▶ _Instructions to follow_:
Each line of the listing that includes "lemma" should be reported.

────────────────────

(* Let $k\ge1$ be odd, $\omega=\frac{-1+\sqrt{-3}}{2}$, and with $S,T,T_\omega=\begin{psmallmatrix}1&\omega\\0&1\end{psmallmatrix},L=\begin{psmallmatrix}\omega^2&0\\0&\omega\end{psmallmatrix},U=TS,E=T_\omega SL$ let $W_{k,k}=\ker(\mathbf{1}+S)\cap\ker(\mathbf{1}-L)\cap\ker(\mathbf{1}+U+U^2)\cap\ker(\mathbf{1}+E+E^2)$. Let $\zeta=e^{\pi i/3}$ and $\varepsilon_3=\begin{psmallmatrix}\zeta&0\\0&1\end{psmallmatrix}$, so $P|\varepsilon_3=P(\zeta z,\bar\zeta\bar z)$. Then $W_{k,k}|\varepsilon_3=W_{k,k}$, and hence $$W_{k,k}=\bigoplus_{j=1}^{6}W_{k,k}^{\zeta^j},\qquad W_{k,k}^{\zeta^j}=W_{k,k}\cap\{P\in V_{k,k}:P(\zeta z,\bar\zeta\bar z)=\zeta^jP(z,\bar z)\}.$$
   Context: $S=\begin{psmallmatrix}0&-1\\1&0\end{psmallmatrix}$, $T=\begin{psmallmatrix}1&1\\0&1\end{psmallmatrix}$. $V_{k,k}$: polynomials $\sum_{0\le i,j\le k}c_{ij}z^i\bar z^j$ over $\mathbb{C}$ with right action $(P|\gamma)(z,\bar z)=(cz+e)^k\overline{(cz+e)}^kP\!\left(\frac{az+b}{cz+e},\frac{\bar a\bar z+\bar b}{\bar c\bar z+\bar e}\right)$ for $\gamma=\begin{psmallmatrix}a&b\\c&e\end{psmallmatrix}$, extended linearly; $\ker(X)=\{P:P|X=0\}$; $W|\varepsilon_3=\{P|\varepsilon_3:P\in W\}$. *)

theory Defs
  imports "HOL-Analysis.Analysis"
begin

definition mat2 :: "complex \<Rightarrow> complex \<Rightarrow> complex \<Rightarrow> complex \<Rightarrow> complex^2^2" where
  "mat2 a b c e = (\<chi> i j. if i = 1 then (if j = 1 then a else b) else (if j = 1 then c else e))"

text \<open>An element of V_{k,k} is given by its coefficient array c i j (coefficient of z^i zbar^j),
  vanishing outside 0..k x 0..k.\<close>

definition Vkk :: "nat \<Rightarrow> (nat \<Rightarrow> nat \<Rightarrow> complex) set" where
  "Vkk k = {c. \<forall>i j. (k < i \<or> k < j) \<longrightarrow> c i j = 0}"

definition evalP :: "nat \<Rightarrow> (nat \<Rightarrow> nat \<Rightarrow> complex) \<Rightarrow> complex \<Rightarrow> complex" where
  "evalP k c z = (\<Sum>i\<le>k. \<Sum>j\<le>k. c i j * z ^ i * cnj z ^ j)"

text \<open>The slash action P|gamma, written out as the polynomial
  (cz+e)^k conj(cz+e)^k P((az+b)/(cz+e), conj((az+b)/(cz+e)))
  = sum c_ij (az+b)^i (cz+e)^(k-i) (conj a zbar + conj b)^j (conj c zbar + conj e)^(k-j),
  evaluated at z (with zbar = cnj z).\<close>

definition slash :: "nat \<Rightarrow> complex^2^2 \<Rightarrow> (nat \<Rightarrow> nat \<Rightarrow> complex) \<Rightarrow> complex \<Rightarrow> complex" where
  "slash k g P z =
     (let a = g$1$1; b = g$1$2; c = g$2$1; e = g$2$2 in
      (\<Sum>i\<le>k. \<Sum>j\<le>k. P i j * (a * z + b) ^ i * (c * z + e) ^ (k - i)
                       * (cnj a * cnj z + cnj b) ^ j * (cnj c * cnj z + cnj e) ^ (k - j)))"

definition Smat :: "complex^2^2" where "Smat = mat2 0 (-1) 1 0"
definition Tmat :: "complex^2^2" where "Tmat = mat2 1 1 0 1"
definition omega :: complex where "omega = (-1 + \<i> * complex_of_real (sqrt 3)) / 2"
definition Tomega :: "complex^2^2" where "Tomega = mat2 1 omega 0 1"
definition Lmat :: "complex^2^2" where "Lmat = mat2 (omega^2) 0 0 omega"
definition Umat :: "complex^2^2" where "Umat = Tmat ** Smat"
definition Emat :: "complex^2^2" where "Emat = Tomega ** Smat ** Lmat"
definition zeta :: complex where "zeta = exp (complex_of_real pi * \<i> / 3)"
definition eps3 :: "complex^2^2" where "eps3 = mat2 zeta 0 0 1"

definition Wkk :: "nat \<Rightarrow> (nat \<Rightarrow> nat \<Rightarrow> complex) set" where
  "Wkk k = {P \<in> Vkk k.
      (\<forall>z. slash k (mat 1) P z + slash k Smat P z = 0) \<and>
      (\<forall>z. slash k (mat 1) P z - slash k Lmat P z = 0) \<and>
      (\<forall>z. slash k (mat 1) P z + slash k Umat P z + slash k (Umat ** Umat) P z = 0) \<and>
      (\<forall>z. slash k (mat 1) P z + slash k Emat P z + slash k (Emat ** Emat) P z = 0)}"

definition Weig :: "nat \<Rightarrow> complex \<Rightarrow> (nat \<Rightarrow> nat \<Rightarrow> complex) set" where
  "Weig k lam = {P \<in> Wkk k. \<forall>z. evalP k P (zeta * z) = lam * evalP k P z}"

end

theory Submission
  imports Defs "HOL-Computational_Algebra.Polynomial"
begin

(* The slash action of g on P is the substitution u \<mapsto> g u in the (k,k)-bihomogeneous form on
   C^2 that restricts to P on the chart (z : 1). The defining relations of W_{k,k} are imposed on
   that chart only, but they extend to all of C^2 by homogeneity and continuity, where they read
   F o S = -F, F o L = F and F + F o U + F o U^2 = 0; the E-relation is the L-conjugate of the
   U-relation because E = L U L^-1. Conjugation by eps3 permutes these relations:
   eps3 S = L S^3 eps3, eps3 L = L eps3, eps3 U = L^2 S U^2 S L eps3 and
   eps3 U^2 = L^2 S U S L eps3. Hence W_{k,k} is eps3-stable. As eps3 multiplies z^i zbar^j by
   zeta^(i-j), the zeta^m-eigencomponent of P is the part of P supported on i - j = m (mod 6),
   which is the average (1/6) sum_n zeta^(-mn) P|eps3^n and therefore again lies in W_{k,k}. *)

section \<open>Polynomials in z and zbar\<close>

lemma poly_eq_0_if_vanishes_on_reals:
  fixes p :: "complex poly"
  assumes "\<And>x::real. poly p (of_real x) = 0"
  shows "p = 0"
proof (rule ccontr)
  assume "p \<noteq> 0"
  then have "finite {x. poly p x = 0}"
    by (rule poly_roots_finite)
  moreover have "range complex_of_real \<subseteq> {x. poly p x = 0}"
    using assms by auto
  ultimately have "finite (range complex_of_real)"
    by (rule finite_subset[rotated])
  then show False
    using finite_imageD[OF _ inj_of_real] infinite_UNIV_char_0[where 'a=real] by blast
qed

lemma poly_sum_smult_linear_powers:
  "poly (\<Sum>i\<le>k. \<Sum>j\<le>k. smult (c i j) ([:a, b:] ^ i * [:a', b':] ^ j)) x
   = (\<Sum>i\<le>k. \<Sum>j\<le>k. c i j * (a + x * b) ^ i * (a' + x * b') ^ j)"
  by (simp add: poly_sum mult.assoc)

────────────────────

▶ _Response to this task_:
lemma poly_eq_0_if_vanishes_on_reals:
lemma poly_sum_smult_linear_powers:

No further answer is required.